Among the entries below, count the lines containing the string "thesis". Only the count is needed.

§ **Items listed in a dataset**
==*==

(* Let $s(x)\in\Omega$ be a generalized power series with $\dim_{\mathbb{Q}}\langle\operatorname{supp}s(x)\rangle>n$. Then $s(x)$ is not a solution of any nontrivial equation $P=0$ of order $n$ with constant coefficients, i.e. there is no non-zero $P\in\mathbb{C}[y_0,\ldots,y_n]$ with $P(s(x),s'(x),\ldots,s^{(n)}(x))=0$.
   Context: $\Omega$ denotes the field of generalized power series $s(x)=\sum_{i\ge1}c_i x^{\mu_i}$ with $c_i\in\mathbb{C}$, $\mu_i\in\mathbb{R}$, $\mu_1<\mu_2<\cdots$ and $\mu_i\to\infty$ when there are infinitely many terms; $\operatorname{supp}s=\{\mu_i:c_i\ne0\}$. For $E\subset\mathbb{R}$, $\langle E\rangle$ is the $\mathbb{Q}$-linear span of $E$ in $\mathbb{R}$. The operator $'$ is one fixed choice among: (a) ordinary derivative $\frac{d}{dx}$; (b) Euler derivative $x\frac{d}{dx}$; (c) $q$-difference operator $s'(x)=s(qx)$, i.e. $\sum c_ix^{\mu_i}\mapsto\sum c_iq^{\mu_i}x^{\mu_i}$, for fixed $q\in\mathbb{C}$, $|q|\ne1$. $s^{(\kappa)}$ is the $\kappa$-th iterate of $'$. *)

theory Defs
  imports "HOL-Analysis.Analysis"
begin

text \<open>A generalized power series sum c_i x^mu_i is represented by its coefficient
  function c :: real => complex (coefficient of x^mu).  The conditions
  mu_1 < mu_2 < ... and mu_i -> infinity (if infinitely many terms) say exactly that
  the support meets every half-line (-inf, M] in a finite set.\<close>

type_synonym gps = "real \<Rightarrow> complex"

definition gps_supp :: "gps \<Rightarrow> real set" where
  "gps_supp s = {\<mu>. s \<mu> \<noteq> 0}"

definition is_gps :: "gps \<Rightarrow> bool" where
  "is_gps s \<longleftrightarrow> (\<forall>M. finite {\<mu> \<in> gps_supp s. \<mu> \<le> M})"

definition gps_one :: gps where
  "gps_one = (\<lambda>\<mu>. if \<mu> = 0 then 1 else 0)"

definition gps_times :: "gps \<Rightarrow> gps \<Rightarrow> gps" where
  "gps_times a b = (\<lambda>\<mu>. \<Sum>\<alpha> \<in> {\<alpha> \<in> gps_supp a. \<mu> - \<alpha> \<in> gps_supp b}. a \<alpha> * b (\<mu> - \<alpha>))"

definition gps_pow :: "gps \<Rightarrow> nat \<Rightarrow> gps" where
  "gps_pow a k = (gps_times a ^^ k) gps_one"

datatype opkind = Deriv | Euler | QDiff complex

definition gps_op :: "opkind \<Rightarrow> gps \<Rightarrow> gps" where
  "gps_op k s = (case k of
      Deriv \<Rightarrow> (\<lambda>\<mu>. complex_of_real (\<mu> + 1) * s (\<mu> + 1))
    | Euler \<Rightarrow> (\<lambda>\<mu>. complex_of_real \<mu> * s \<mu>)
    | QDiff q \<Rightarrow> (\<lambda>\<mu>. q powr complex_of_real \<mu> * s \<mu>))"

definition admissible_op :: "opkind \<Rightarrow> bool" where
  "admissible_op k \<longleftrightarrow> (\<forall>q. k = QDiff q \<longrightarrow> q \<noteq> 0 \<and> norm q \<noteq> 1)"

text \<open>Polynomials in y_0..y_n with complex coefficients: coefficient function on
  exponent vectors (lists of length n+1), finitely supported.\<close>

definition is_poly_order :: "nat \<Rightarrow> (nat list \<Rightarrow> complex) \<Rightarrow> bool" where
  "is_poly_order n P \<longleftrightarrow> finite {\<alpha>. P \<alpha> \<noteq> 0} \<and> (\<forall>\<alpha>. P \<alpha> \<noteq> 0 \<longrightarrow> length \<alpha> = Suc n)"

definition gps_monomial :: "opkind \<Rightarrow> gps \<Rightarrow> nat list \<Rightarrow> gps" where
  "gps_monomial k s \<alpha> =
     foldr (\<lambda>i acc. gps_times (gps_pow ((gps_op k ^^ i) s) (\<alpha> ! i)) acc) [0..<length \<alpha>] gps_one"

definition gps_eval :: "opkind \<Rightarrow> (nat list \<Rightarrow> complex) \<Rightarrow> gps \<Rightarrow> gps" where
  "gps_eval k P s = (\<lambda>\<mu>. \<Sum>\<alpha> \<in> {\<alpha>. P \<alpha> \<noteq> 0}. P \<alpha> * gps_monomial k s \<alpha> \<mu>)"

definition rat_indep :: "real set \<Rightarrow> bool" where
  "rat_indep B \<longleftrightarrow> (\<forall>r :: real \<Rightarrow> rat. (\<Sum>b\<in>B. real_of_rat (r b) * b) = 0 \<longrightarrow> (\<forall>b\<in>B. r b = 0))"

definition qdim_gt :: "real set \<Rightarrow> nat \<Rightarrow> bool" where
  "qdim_gt E n \<longleftrightarrow> (\<exists>B \<subseteq> E. finite B \<and> card B = Suc n \<and> rat_indep B)"

end

theory Submission
  imports Defs "HOL-Computational_Algebra.Polynomial"
begin

text \<open>
  A derivation \<delta> of the ring of generalized power series that commutes with the operator turns
  P(s, s', ..., s^(n)) = 0 into the linear relation \<Sum>_j (\<partial>P/\<partial>y_j)(s, ..., s^(n)) (\<delta> s)^(j) = 0;
  by induction on the degree of P, some coefficient of this relation is nonzero. Comparing the
  lowest-order terms, the order \<mu> of \<delta> s must be a root of an indicial equation, which is a
  nonzero polynomial of degree at most n in \<mu> or q^\<mu>; as |q| \<noteq> 1 this allows at most n orders.
  On the other hand, the derivations multiplying the coefficient of x^\<mu> by \<phi> \<mu>, for additive
  \<phi> vanishing on the exponent shift of the operator, realize every exponent of s that is
  Q-independent of the smaller ones as such an order. Together with the shift these exponents
  Q-span supp s, so there are more than n of them (for d/dx, whose shift 1 takes up one
  dimension, the order of s' itself supplies the missing one).
\<close>

section \<open>The ring of generalized power series\<close>

lemma gps_supp_iff [simp]: "\<mu> \<in> gps_supp s \<longleftrightarrow> s \<mu> \<noteq> 0"
  by (simp add: gps_supp_def)

lemma finite_lower_sections_has_least:
  fixes A :: "real set"
  assumes fin: "\<And>M. finite {\<mu> \<in> A. \<mu> \<le> M}" and "x \<in> A"
  shows "\<exists>m\<in>A. \<forall>\<mu>\<in>A. m \<le> \<mu>"
proof -
  let ?S = "{\<mu> \<in> A. \<mu> \<le> x}"
  have S: "finite ?S" "?S \<noteq> {}" using fin \<open>x \<in> A\<close> by auto
  show ?thesis
  proof (intro bexI ballI)
    show "Min ?S \<in> A" using Min_in[OF S] by simp
    show "Min ?S \<le> \<mu>" if "\<mu> \<in> A" for \<mu>
      using that Min_le[OF S(1)] Min_in[OF S] by (cases "\<mu> \<le> x") auto
  qed
qed

lemma gps_has_least:
  assumes "is_gps a" "\<mu> \<in> gps_supp a"
  shows "\<exists>m\<in>gps_supp a. \<forall>\<mu>\<in>gps_supp a. m \<le> \<mu>"
  using finite_lower_sections_has_least assms unfolding is_gps_def by blast

lemma gps_bounded_below:
  assumes "is_gps a"
  obtains m where "\<And>\<mu>. a \<mu> \<noteq> 0 \<Longrightarrow> m \<le> \<mu>"
proof (cases "gps_supp a = {}")
  case False
  then obtain \<mu> where "\<mu> \<in> gps_supp a" by blast
  with gps_has_least[OF assms] obtain m where m: "\<forall>\<mu>\<in>gps_supp a. m \<le> \<mu>" by blast
  show ?thesis by (rule that[of m]) (use m in auto)
qed (rule that[of 0], auto simp: gps_supp_def)

lemma gps_finite_le:
  assumes "is_gps a" shows "finite {\<mu>. a \<mu> \<noteq> 0 \<and> \<mu> \<le> M}"
  using assms unfolding is_gps_def by simp

lemma is_gps_supp_mono:
  assumes "is_gps a" "\<And>\<mu>. b \<mu> \<noteq> 0 \<Longrightarrow> a \<mu> \<noteq> 0" shows "is_gps b"
  unfolding is_gps_def
  by (intro allI finite_subset[OF _ gps_finite_le[OF assms(1)]]) (auto simp: assms(2))

lemma is_gps_zero: "is_gps (\<lambda>_. 0)"
  by (simp add: is_gps_def gps_supp_def)

lemma is_gps_one: "is_gps gps_one"
  by (simp add: is_gps_def gps_supp_def gps_one_def)

lemma is_gps_scale: "is_gps a \<Longrightarrow> is_gps (\<lambda>\<mu>. c \<mu> * a \<mu>)"
  by (rule is_gps_supp_mono) auto

lemma is_gps_add:
  assumes "is_gps a" "is_gps b" shows "is_gps (\<lambda>\<mu>. a \<mu> + b \<mu>)"
proof -
  have "{\<mu> \<in> gps_supp (\<lambda>\<mu>. a \<mu> + b \<mu>). \<mu> \<le> M}
      \<subseteq> {\<mu>. a \<mu> \<noteq> 0 \<and> \<mu> \<le> M} \<union> {\<mu>. b \<mu> \<noteq> 0 \<and> \<mu> \<le> M}" for M
    by auto
  then show ?thesis
    unfolding is_gps_def using gps_finite_le assms by (meson finite_Un finite_subset)
qed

==*==

§ **Reply to the exercise**
3